_TO DO_
Go through the listing below and output exactly the line with "text \<open>", the line with "section \<open>Symmetric and", and each line between; omit the rest.

========================================================================

(* Let $H\in\mathbb{R}^{\ell\times\ell}$ be symmetric, $0\neq g_0\in\mathbb{R}^{\ell}$ and $\gamma>0$. Consider the quadratic eigenvalue problem (QEP) $(H-\lambda I)^2w=\gamma^{-2}g_0g_0^{\top}w$, where an eigenvalue is a $\lambda\in\mathbb{C}$ for which there is a nonzero $w\in\mathbb{C}^{\ell}$ satisfying this equation. Then the leftmost eigenvalue of this QEP (the one with the smallest real part) is real. As a consequence, the optimal value $\lambda_*$ of the problem pQEPmin — minimize $\lambda$ over $\lambda\in\mathbb{R}$ and $0\ne w\in\mathbb{R}^\ell$ with $(H-\lambda I)^2w=\gamma^{-2}g_0g_0^{\top}w$ — is the leftmost eigenvalue of this QEP. *)

theory Defs
  imports "HOL-Analysis.Analysis"
begin

definition cmat :: "real^'n^'m \<Rightarrow> complex^'n^'m" where
  "cmat A = (\<chi> i j. complex_of_real (A$i$j))"

definition outer :: "real^'n \<Rightarrow> real^'n^'n" where
  "outer g = (\<chi> i j. g$i * g$j)"

definition qep_eigenvalue :: "real^'n^'n \<Rightarrow> real^'n \<Rightarrow> real \<Rightarrow> complex \<Rightarrow> bool" where
  "qep_eigenvalue H g \<gamma> lam \<longleftrightarrow>
     (\<exists>w::complex^'n. w \<noteq> 0 \<and>
        ((cmat H - mat lam) ** (cmat H - mat lam)) *v w
          = complex_of_real (1 / \<gamma>^2) *s (cmat (outer g) *v w))"

definition pqep_feasible :: "real^'n^'n \<Rightarrow> real^'n \<Rightarrow> real \<Rightarrow> real \<Rightarrow> bool" where
  "pqep_feasible H g \<gamma> lam \<longleftrightarrow>
     (\<exists>w::real^'n. w \<noteq> 0 \<and>
        ((H - mat lam) ** (H - mat lam)) *v w = (1 / \<gamma>^2) *s (outer g *v w))"

end

theory Submission
  imports Defs
begin

text \<open>
  Write A(l) = H - l I and M(l) = A(l)^2 - c g0 g0^T with c = 1/gamma^2, so that the real
  eigenvalues of the QEP are the l with M(l) singular. Let l* be the largest l for which A(l)
  and M(l) are both positive semidefinite: the set of such l is nonempty, closed and bounded
  above, and M(l*) is singular, since otherwise both matrices would be positive definite and l*
  could be increased. So l* is a real eigenvalue. The expansion
  M(t) = M(l*) + 2 (l* - t) A(l*) + (l* - t)^2 I shows that M(t) is positive definite for t < l*.
  For an eigenpair (alpha + i beta, u + i v), the real and imaginary parts of the equation give
  u M(alpha) u + v M(alpha) v = beta^2 (|u|^2 + |v|^2) and beta (u A(alpha) u + v A(alpha) v) = 0.
  If beta = 0 the first identity rules out alpha < l*. If beta \<noteq> 0 the second one yields
  alpha \<ge> l*, and alpha = l* is impossible: then A(l*) u = A(l*) v = 0, which makes the left
  side of the first identity nonpositive.
\<close>

section \<open>Symmetric and positive semidefinite matrices\<close>

lemma matrix_vector_mul_mat: "(mat c :: 'a::semiring_1^'n^'n) *v x = c *s x"
  by (simp add: vec_eq_iff matrix_vector_mult_def mat_def if_distrib if_distribR cong: if_cong)

lemma outer_mulv: "outer g *v x = (g \<bullet> x) *\<^sub>R g"
  by (simp add: vec_eq_iff matrix_vector_mult_def outer_def inner_vec_def sum_distrib_left algebra_simps)

lemma transpose_outer: "transpose (outer g) = outer g"
  by (simp add: vec_eq_iff transpose_def outer_def mult.commute)

lemma transpose_diff: "transpose (A - B :: 'a::ring_1^'n^'n) = transpose A - transpose B"
  by (simp add: vec_eq_iff transpose_def)

lemma symmetric_inner_mulv:
  fixes S :: "real^'n^'n"
  assumes "transpose S = S"
  shows "(S *v x) \<bullet> y = x \<bullet> (S *v y)"
  by (metis assms dot_lmul_matrix inner_commute vector_transpose_matrix)

definition psd :: "real^'n^'n \<Rightarrow> bool" where
  "psd S \<longleftrightarrow> (\<forall>x. 0 \<le> x \<bullet> (S *v x))"

lemma psd_form_eq_0_imp_mulv_eq_0:
  fixes S :: "real^'n^'n"
  assumes sym: "transpose S = S" and "psd S" and x: "x \<bullet> (S *v x) = 0"
  shows "S *v x = 0"
proof (rule ccontr)
  assume "S *v x \<noteq> 0"
  define z where "z = S *v x"
  have zz: "z \<bullet> z > 0" using \<open>S *v x \<noteq> 0\<close> z_def by simp
  have q: "0 \<le> z \<bullet> (S *v z)" using \<open>psd S\<close> by (simp add: psd_def)
  have expand: "(x - t *\<^sub>R z) \<bullet> (S *v (x - t *\<^sub>R z)) = t * (t * (z \<bullet> (S *v z)) - 2 * (z \<bullet> z))" for t
    using x symmetric_inner_mulv[OF sym, of x z]
    by (simp add: z_def matrix_vector_mult_diff_distrib matrix_vector_mult_scaleR
        inner_diff_left inner_diff_right inner_commute algebra_simps)
  define t where "t = (z \<bullet> z) / (z \<bullet> (S *v z) + 1)"
  have "t > 0" using zz q t_def by simp
  have "t * (z \<bullet> (S *v z)) \<le> t * (z \<bullet> (S *v z) + 1)" using \<open>t > 0\<close> by simp
  also have "\<dots> = z \<bullet> z" using q t_def by simp
  finally have "t * (z \<bullet> (S *v z)) - 2 * (z \<bullet> z) < 0" using zz by linarith
  hence "t * (t * (z \<bullet> (S *v z)) - 2 * (z \<bullet> z)) < 0"
    using \<open>t > 0\<close> by (simp add: mult_pos_neg)
  with \<open>psd S\<close> show False by (metis expand psd_def not_le)
qed

lemma psd_injective_imp_coercive:
  fixes S :: "real^'n^'n"
  assumes sym: "transpose S = S" and "psd S" and inj: "\<And>x. S *v x = 0 \<Longrightarrow> x = 0"
  obtains \<delta> where "\<delta> > 0" "\<And>x. \<delta> * (x \<bullet> x) \<le> x \<bullet> (S *v x)"
proof -
  have "continuous_on (sphere 0 1) (\<lambda>x::real^'n. x \<bullet> (S *v x))"
    by (intro continuous_intros linear_continuous_on matrix_vector_mul_linear_gen)
  moreover have "sphere (0::real^'n) 1 \<noteq> {}"
    by (metis norm_axis_1 mem_sphere_0 empty_iff)
  ultimately obtain x0 where x0: "x0 \<in> sphere 0 1"
    and min: "\<And>y. y \<in> sphere 0 1 \<Longrightarrow> x0 \<bullet> (S *v x0) \<le> y \<bullet> (S *v y)"
    using continuous_attains_inf[OF compact_sphere] by blast
  define \<delta> where "\<delta> = x0 \<bullet> (S *v x0)"
  have "S *v x0 \<noteq> 0" using x0 inj by fastforce
  hence "\<delta> \<noteq> 0" using psd_form_eq_0_imp_mulv_eq_0[OF sym \<open>psd S\<close>] \<delta>_def by metis
  hence "\<delta> > 0" using \<open>psd S\<close> \<delta>_def by (simp add: psd_def order_less_le)
  moreover have "\<delta> * (x \<bullet> x) \<le> x \<bullet> (S *v x)" for x
  proof (cases "x = 0")
    case False
    define u where "u = (1 / norm x) *\<^sub>R x"
    have "u \<in> sphere 0 1" using False u_def by simp
    hence "\<delta> \<le> u \<bullet> (S *v u)" using min \<delta>_def by blast
    also have "u \<bullet> (S *v u) = (x \<bullet> (S *v x)) / (norm x)\<^sup>2"
      by (simp add: u_def matrix_vector_mult_scaleR power2_eq_square)
    finally show ?thesis using False by (simp add: pos_le_divide_eq power2_norm_eq_inner)
  qed simp
  ultimately show ?thesis using that by blast
qed

lemma matrix_vector_mul_bounds:
  fixes S :: "real^'n^'n"
  obtains K where "K > 0" "\<And>x. norm (S *v x) \<le> K * norm x" "\<And>x. \<bar>x \<bullet> (S *v x)\<bar> \<le> K * (x \<bullet> x)"
proof -
  obtain K where K: "K > 0" "\<And>x. norm (S *v x) \<le> norm x * K"
    using bounded_linear.pos_bounded[OF matrix_vector_mul_bounded_linear[of S]] by blast
  have "\<bar>x \<bullet> (S *v x)\<bar> \<le> K * (x \<bullet> x)" for x
  proof -
    have "\<bar>x \<bullet> (S *v x)\<bar> \<le> norm x * norm (S *v x)" by (rule Cauchy_Schwarz_ineq2)
    also have "\<dots> \<le> norm x * (norm x * K)" using K(2)[of x] by (simp add: mult_left_mono)
    finally show ?thesis by (simp add: power2_norm_eq_inner[symmetric] power2_eq_square mult_ac)
  qed
  with K that show ?thesis by (simp add: mult.commute)
qed

definition shifted :: "real^'n^'n \<Rightarrow> real \<Rightarrow> real^'n^'n" where
  "shifted H l = H - mat l"

definition qep_matrix :: "real^'n^'n \<Rightarrow> real^'n \<Rightarrow> real \<Rightarrow> real \<Rightarrow> real^'n^'n" where
  "qep_matrix H g c l = shifted H l ** shifted H l - c *\<^sub>R outer g"

lemma shifted_mulv: "shifted H l *v x = H *v x - l *\<^sub>R x"
  by (simp add: shifted_def matrix_vector_mult_diff_rdistrib matrix_vector_mul_mat scalar_mult_eq_scaleR)

lemma inner_shifted: "x \<bullet> (shifted H l *v x) = x \<bullet> (H *v x) - l * (x \<bullet> x)"
  by (simp add: shifted_mulv inner_diff_right)

lemma transpose_shifted: "transpose H = H \<Longrightarrow> transpose (shifted H l) = shifted H l"
  by (simp add: shifted_def transpose_diff)

lemma qep_matrix_mulv:
  "qep_matrix H g c l *v x = shifted H l *v (shifted H l *v x) - (c * (g \<bullet> x)) *\<^sub>R g"
  by (simp add: qep_matrix_def matrix_vector_mult_diff_rdistrib scaleR_matrix_vector_assoc[symmetric]
      outer_mulv matrix_vector_mul_assoc)

lemma transpose_qep_matrix: "transpose H = H \<Longrightarrow> transpose (qep_matrix H g c l) = qep_matrix H g c l"
  by (simp add: qep_matrix_def transpose_diff transpose_shifted matrix_transpose_mul transpose_scalar
      transpose_outer)

lemma inner_qep_matrix:
  assumes "transpose H = H"
  shows "x \<bullet> (qep_matrix H g c l *v x) = (shifted H l *v x) \<bullet> (shifted H l *v x) - c * (g \<bullet> x)\<^sup>2"
  using symmetric_inner_mulv[OF transpose_shifted[OF assms], of l x "shifted H l *v x"]
  by (simp add: qep_matrix_mulv inner_diff_right power2_eq_square inner_commute)

lemma inner_qep_matrix_shift:
  assumes "transpose H = H"
  shows "x \<bullet> (qep_matrix H g c t *v x)
    = x \<bullet> (qep_matrix H g c l *v x) + 2 * (l - t) * (x \<bullet> (shifted H l *v x)) + (l - t)\<^sup>2 * (x \<bullet> x)"
  using symmetric_inner_mulv[OF assms, of x x]
  by (simp add: inner_qep_matrix[OF assms] shifted_mulv inner_diff_left inner_diff_right
      power2_eq_square algebra_simps)

lemma psd_qep_matrix_below:
  assumes "transpose H = H" and "psd (shifted H l)" and "psd (qep_matrix H g c l)" and "t \<le> l"
  shows "(l - t)\<^sup>2 * (x \<bullet> x) \<le> x \<bullet> (qep_matrix H g c t *v x)"
proof -
  have "0 \<le> x \<bullet> (qep_matrix H g c l *v x)" "0 \<le> x \<bullet> (shifted H l *v x)"
    using assms(2,3) by (simp_all add: psd_def)
  with \<open>t \<le> l\<close> show ?thesis unfolding inner_qep_matrix_shift[OF assms(1), of x g c t l] by simp
qed

section \<open>The largest point of the positive semidefinite region\<close>

lemma bdd_above_psd_shifted:
  fixes H :: "real^'n^'n"
  shows "bdd_above {l. psd (shifted H l)}"
proof
  fix l assume "l \<in> {l. psd (shifted H l)}"
  define x :: "real^'n" where "x = axis undefined 1"
  have "0 \<le> x \<bullet> (shifted H l *v x)" using \<open>l \<in> _\<close> by (simp add: psd_def)
  moreover have "x \<bullet> x = 1" by (simp add: x_def inner_axis_axis)
  ultimately show "l \<le> x \<bullet> (H *v x)" by (simp add: inner_shifted)
qed

lemma closed_psd_pencil:
  assumes "transpose H = H"
  shows "closed {l. psd (shifted H l) \<and> psd (qep_matrix H g c l)}"
proof -
  have shift: "x \<bullet> (qep_matrix H g c l *v x)
      = x \<bullet> (qep_matrix H g c 0 *v x) - 2 * l * (x \<bullet> (H *v x)) + l\<^sup>2 * (x \<bullet> x)" for x l
    using inner_qep_matrix_shift[OF assms, of x g c l 0] by (simp add: inner_shifted)
  show ?thesis
    unfolding psd_def inner_shifted
    by (subst shift) (intro closed_Collect_all closed_Collect_conj allI closed_Collect_le continuous_intros)
qed

lemma psd_pencil_far_left:
  assumes "transpose H = H" and "0 \<le> c"
  obtains l where "psd (shifted H l)" "psd (qep_matrix H g c l)"
proof -
  obtain K where K: "K > 0" "\<And>x. norm (H *v x) \<le> K * norm x"
    using matrix_vector_mul_bounds[of H] by blast
  define R where "R = c * (g \<bullet> g) + 1"
  have "R \<ge> 1" using \<open>0 \<le> c\<close> by (simp add: R_def)
  define l where "l = - (K + R)"
  have lower: "R * norm x \<le> norm (shifted H l *v x)" for x
  proof -
    have "(K + R) * norm x = norm (l *\<^sub>R x)" using K(1) \<open>R \<ge> 1\<close> by (simp add: l_def)
    also have "\<dots> \<le> norm (H *v x) + norm (shifted H l *v x)"
      using norm_triangle_ineq4[of "H *v x" "shifted H l *v x"] by (simp add: shifted_mulv)
    finally show ?thesis using K(2)[of x] by (simp add: distrib_right)
  qed
  have "psd (shifted H l)"
    unfolding psd_def
  proof
    fix x
    have "- (x \<bullet> (H *v x)) \<le> norm x * norm (H *v x)"
      using Cauchy_Schwarz_ineq2[of x "H *v x"] by linarith
    also have "\<dots> \<le> norm x * (K * norm x)" using K(2)[of x] by (simp add: mult_left_mono)
    also have "\<dots> = K * (x \<bullet> x)" by (simp add: power2_norm_eq_inner[symmetric] power2_eq_square)
    also have "\<dots> \<le> (K + R) * (x \<bullet> x)" using \<open>R \<ge> 1\<close> by (simp add: mult_right_mono)
    finally show "0 \<le> x \<bullet> (shifted H l *v x)" by (simp add: inner_shifted l_def algebra_simps)
  qed
  moreover have "psd (qep_matrix H g c l)"
    unfolding psd_def
  proof
    fix x
    have "c * (g \<bullet> x)\<^sup>2 \<le> c * ((g \<bullet> g) * (x \<bullet> x))"
      using Cauchy_Schwarz_ineq[of g x] \<open>0 \<le> c\<close> by (simp add: mult_left_mono)
    also have "\<dots> \<le> R * (x \<bullet> x)" by (simp add: R_def distrib_right mult.assoc)
    also have "\<dots> \<le> R\<^sup>2 * (x \<bullet> x)"
      using \<open>R \<ge> 1\<close> by (intro mult_right_mono) (auto simp: power2_eq_square)
    also have "\<dots> = (R * norm x)\<^sup>2" by (simp add: power_mult_distrib power2_norm_eq_inner)
    also have "\<dots> \<le> (norm (shifted H l *v x))\<^sup>2"
      using lower[of x] \<open>R \<ge> 1\<close> by (intro power_mono) auto
    finally show "0 \<le> x \<bullet> (qep_matrix H g c l *v x)"
      unfolding inner_qep_matrix[OF assms(1)] power2_norm_eq_inner by simp
  qed
  ultimately show ?thesis using that by blast
qed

========================================================================

_WRITTEN ANSWER_
text \<open>
  Write A(l) = H - l I and M(l) = A(l)^2 - c g0 g0^T with c = 1/gamma^2, so that the real
  eigenvalues of the QEP are the l with M(l) singular. Let l* be the largest l for which A(l)
  and M(l) are both positive semidefinite: the set of such l is nonempty, closed and bounded
  above, and M(l*) is singular, since otherwise both matrices would be positive definite and l*
  could be increased. So l* is a real eigenvalue. The expansion
  M(t) = M(l*) + 2 (l* - t) A(l*) + (l* - t)^2 I shows that M(t) is positive definite for t < l*.
  For an eigenpair (alpha + i beta, u + i v), the real and imaginary parts of the equation give
  u M(alpha) u + v M(alpha) v = beta^2 (|u|^2 + |v|^2) and beta (u A(alpha) u + v A(alpha) v) = 0.
  If beta = 0 the first identity rules out alpha < l*. If beta \<noteq> 0 the second one yields
  alpha \<ge> l*, and alpha = l* is impossible: then A(l*) u = A(l*) v = 0, which makes the left
  side of the first identity nonpositive.
\<close>

section \<open>Symmetric and positive semidefinite matrices\<close>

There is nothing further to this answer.